◆ DATA PROVIDED:
+-------+
lemma sets_Seq_test_eq [measurable]:
  assumes "comparison_test T"
  shows "{\<omega>. T \<omega> f0 f1 = x} \<in> sets Seq"
proof -
  have "(\<lambda>\<omega>. T \<omega> f0 f1) \<in> borel_measurable Seq"
    using assms by (simp add: comparison_test_def)
  from measurable_sets[OF this, of "{x}"] show ?thesis
    by (simp add: vimage_def)
qed

lemma AE_test_neq_wrong_verdict:
  assumes "comparison_test T" "error_free T" "i \<le> 1"
  shows "AE \<omega> in Pf f0 f1 i. T \<omega> f0 f1 \<noteq> real (1 - i)"
proof (rule AE_I')
  have "emeasure (Pf f0 f1 (1 - (1 - i))) {\<omega> \<in> space Seq. T \<omega> f0 f1 = real (1 - i)} = 0"
    using assms(2) diff_le_self unfolding error_free_def by blast
  moreover have "1 - (1 - i) = i"
    using assms(3) by simp
  ultimately show "{\<omega>. T \<omega> f0 f1 = real (1 - i)} \<in> null_sets (Pf f0 f1 i)"
    using sets_Seq_test_eq[OF assms(1)] by (simp add: null_sets_def)
qed auto

lemma AE_not_deriv_zero_unless_test_eq:
  assumes "comparison_test T" "reasonable T" "i \<le> 1"
  shows "AE \<omega> in Pf f0 f1 i. T \<omega> f0 f1 \<noteq> real i \<longrightarrow> \<not> deriv_is f0 f1 i (1 - i) \<omega> 0"
proof (rule AE_I')
  let ?B = "cyl_ratio_unbounded (Pf f0 f1 (1 - i)) (Pf f0 f1 i) - {\<omega>. T \<omega> f0 f1 = real i}"
  have B: "?B \<in> sets Seq"
    using assms(1) by measurable
  have "emeasure (Pf f0 f1 (1 - i)) ?B \<le>
      emeasure (Pf f0 f1 (1 - i)) (cyl_ratio_unbounded (Pf f0 f1 (1 - i)) (Pf f0 f1 i))"
    by (rule emeasure_mono) auto
  then have "emeasure (Pf f0 f1 (1 - i)) ?B = 0"
    by (simp add: emeasure_cyl_ratio_unbounded finite_measure_Pf)
  then have "emeasure (Pf f0 f1 i) ?B > 0 \<Longrightarrow>
      emeasure (Pf f0 f1 i) (?B \<inter> {\<omega> \<in> space Seq. T \<omega> f0 f1 = real i}) > 0"
    using assms(2,3) B unfolding reasonable_def by blast
  moreover have "?B \<inter> {\<omega> \<in> space Seq. T \<omega> f0 f1 = real i} = {}"
    by blast
  ultimately show "?B \<in> null_sets (Pf f0 f1 i)"
    using B by (auto simp: null_sets_def zero_less_iff_neq_zero)
qed (auto dest: deriv_zero_imp_cyl_ratio_unbounded)

lemma derivTest_eq:
  assumes "i \<le> 1" "x \<in> {0, 1/2, 1}" "x \<noteq> real (1 - i)"
    and "x = real i \<Longrightarrow> deriv_is f0 f1 i (1 - i) \<omega> 0"
    and "x \<noteq> real i \<Longrightarrow> \<not> deriv_is f0 f1 i (1 - i) \<omega> 0"
    and "\<not> deriv_is f0 f1 (1 - i) i \<omega> 0"
  shows "derivTest \<omega> f0 f1 = x"
proof -
  from \<open>i \<le> 1\<close> consider "i = 0" | "i = 1"
    by linarith
  then show ?thesis
    using assms by cases (auto simp: derivTest_def)
qed

lemma test_equiv_derivTest_if_error_free:
  assumes "comparison_test T" "error_free T" "reasonable T"
  shows "test_equiv T derivTest"
  unfolding test_equiv_def
proof (intro allI impI)
  fix f0 f1 i assume "i \<le> (1::nat)"
  have "emeasure (Pf f0 f1 (1 - i)) {\<omega>. T \<omega> f0 f1 = real i} = 0"
    using assms(2) \<open>i \<le> 1\<close> unfolding error_free_def by auto
  from AE_deriv_zero_on_null_set[OF sets_Seq_test_eq[OF assms(1)] this]
  have "AE \<omega> in Pf f0 f1 i. T \<omega> f0 f1 = real i \<longrightarrow> deriv_is f0 f1 i (1 - i) \<omega> 0"
    by simp
  then have "AE \<omega> in Pf f0 f1 i. T \<omega> f0 f1 = derivTest \<omega> f0 f1"
    using AE_test_neq_wrong_verdict[OF assms(1,2) \<open>i \<le> 1\<close>] AE_not_deriv_zero[where j="1 - i" and k=i]
      AE_not_deriv_zero_unless_test_eq[OF assms(1,3) \<open>i \<le> 1\<close>]
  proof eventually_elim
    case (elim \<omega>)
    have "T \<omega> f0 f1 \<in> {0, 1/2, 1}"
      using assms(1) by (simp add: comparison_test_def)
    with elim show ?case
      using derivTest_eq[OF \<open>i \<le> 1\<close>] by metis
  qed
  then show "emeasure (Pf f0 f1 i) {\<omega> \<in> space Seq. T \<omega> f0 f1 \<noteq> derivTest \<omega> f0 f1} = 0"
    using emeasure_Collect_neg_eq_0_if_AE by fastforce
qed

theorem theorem2:
  fixes T :: test
  assumes "comparison_test T"
    and "anonymous T"
    and "non_counterfactual T"
    and "reasonable T"
    and "\<not> test_equiv T derivTest"
  shows "\<not> error_free T"
  using test_equiv_derivTest_if_error_free assms(1,4,5) by blast

end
+-------+
◆ ASSIGNED TASK:
All of the entries above need to be printed again exactly.

◆ FINAL ANSWER:
lemma sets_Seq_test_eq [measurable]:
  assumes "comparison_test T"
  shows "{\<omega>. T \<omega> f0 f1 = x} \<in> sets Seq"
proof -
  have "(\<lambda>\<omega>. T \<omega> f0 f1) \<in> borel_measurable Seq"
    using assms by (simp add: comparison_test_def)
  from measurable_sets[OF this, of "{x}"] show ?thesis
    by (simp add: vimage_def)
qed

lemma AE_test_neq_wrong_verdict:
  assumes "comparison_test T" "error_free T" "i \<le> 1"
  shows "AE \<omega> in Pf f0 f1 i. T \<omega> f0 f1 \<noteq> real (1 - i)"
proof (rule AE_I')
  have "emeasure (Pf f0 f1 (1 - (1 - i))) {\<omega> \<in> space Seq. T \<omega> f0 f1 = real (1 - i)} = 0"
    using assms(2) diff_le_self unfolding error_free_def by blast
  moreover have "1 - (1 - i) = i"
    using assms(3) by simp
  ultimately show "{\<omega>. T \<omega> f0 f1 = real (1 - i)} \<in> null_sets (Pf f0 f1 i)"
    using sets_Seq_test_eq[OF assms(1)] by (simp add: null_sets_def)
qed auto

lemma AE_not_deriv_zero_unless_test_eq:
  assumes "comparison_test T" "reasonable T" "i \<le> 1"
  shows "AE \<omega> in Pf f0 f1 i. T \<omega> f0 f1 \<noteq> real i \<longrightarrow> \<not> deriv_is f0 f1 i (1 - i) \<omega> 0"
proof (rule AE_I')
  let ?B = "cyl_ratio_unbounded (Pf f0 f1 (1 - i)) (Pf f0 f1 i) - {\<omega>. T \<omega> f0 f1 = real i}"
  have B: "?B \<in> sets Seq"
    using assms(1) by measurable
  have "emeasure (Pf f0 f1 (1 - i)) ?B \<le>
      emeasure (Pf f0 f1 (1 - i)) (cyl_ratio_unbounded (Pf f0 f1 (1 - i)) (Pf f0 f1 i))"
    by (rule emeasure_mono) auto
  then have "emeasure (Pf f0 f1 (1 - i)) ?B = 0"
    by (simp add: emeasure_cyl_ratio_unbounded finite_measure_Pf)
  then have "emeasure (Pf f0 f1 i) ?B > 0 \<Longrightarrow>
      emeasure (Pf f0 f1 i) (?B \<inter> {\<omega> \<in> space Seq. T \<omega> f0 f1 = real i}) > 0"
    using assms(2,3) B unfolding reasonable_def by blast
  moreover have "?B \<inter> {\<omega> \<in> space Seq. T \<omega> f0 f1 = real i} = {}"
    by blast
  ultimately show "?B \<in> null_sets (Pf f0 f1 i)"
    using B by (auto simp: null_sets_def zero_less_iff_neq_zero)
qed (auto dest: deriv_zero_imp_cyl_ratio_unbounded)

lemma derivTest_eq:
  assumes "i \<le> 1" "x \<in> {0, 1/2, 1}" "x \<noteq> real (1 - i)"
    and "x = real i \<Longrightarrow> deriv_is f0 f1 i (1 - i) \<omega> 0"
    and "x \<noteq> real i \<Longrightarrow> \<not> deriv_is f0 f1 i (1 - i) \<omega> 0"
    and "\<not> deriv_is f0 f1 (1 - i) i \<omega> 0"
  shows "derivTest \<omega> f0 f1 = x"
proof -
  from \<open>i \<le> 1\<close> consider "i = 0" | "i = 1"
    by linarith
  then show ?thesis
    using assms by cases (auto simp: derivTest_def)
qed

lemma test_equiv_derivTest_if_error_free:
  assumes "comparison_test T" "error_free T" "reasonable T"
  shows "test_equiv T derivTest"
  unfolding test_equiv_def
proof (intro allI impI)
  fix f0 f1 i assume "i \<le> (1::nat)"
  have "emeasure (Pf f0 f1 (1 - i)) {\<omega>. T \<omega> f0 f1 = real i} = 0"
    using assms(2) \<open>i \<le> 1\<close> unfolding error_free_def by auto
  from AE_deriv_zero_on_null_set[OF sets_Seq_test_eq[OF assms(1)] this]
  have "AE \<omega> in Pf f0 f1 i. T \<omega> f0 f1 = real i \<longrightarrow> deriv_is f0 f1 i (1 - i) \<omega> 0"
    by simp
  then have "AE \<omega> in Pf f0 f1 i. T \<omega> f0 f1 = derivTest \<omega> f0 f1"
    using AE_test_neq_wrong_verdict[OF assms(1,2) \<open>i \<le> 1\<close>] AE_not_deriv_zero[where j="1 - i" and k=i]
      AE_not_deriv_zero_unless_test_eq[OF assms(1,3) \<open>i \<le> 1\<close>]
  proof eventually_elim
    case (elim \<omega>)
    have "T \<omega> f0 f1 \<in> {0, 1/2, 1}"
      using assms(1) by (simp add: comparison_test_def)
    with elim show ?case
      using derivTest_eq[OF \<open>i \<le> 1\<close>] by metis
  qed
  then show "emeasure (Pf f0 f1 i) {\<omega> \<in> space Seq. T \<omega> f0 f1 \<noteq> derivTest \<omega> f0 f1} = 0"
    using emeasure_Collect_neg_eq_0_if_AE by fastforce
qed

theorem theorem2:
  fixes T :: test
  assumes "comparison_test T"
    and "anonymous T"
    and "non_counterfactual T"
    and "reasonable T"
    and "\<not> test_equiv T derivTest"
  shows "\<not> error_free T"
  using test_equiv_derivTest_if_error_free assms(1,4,5) by blast

end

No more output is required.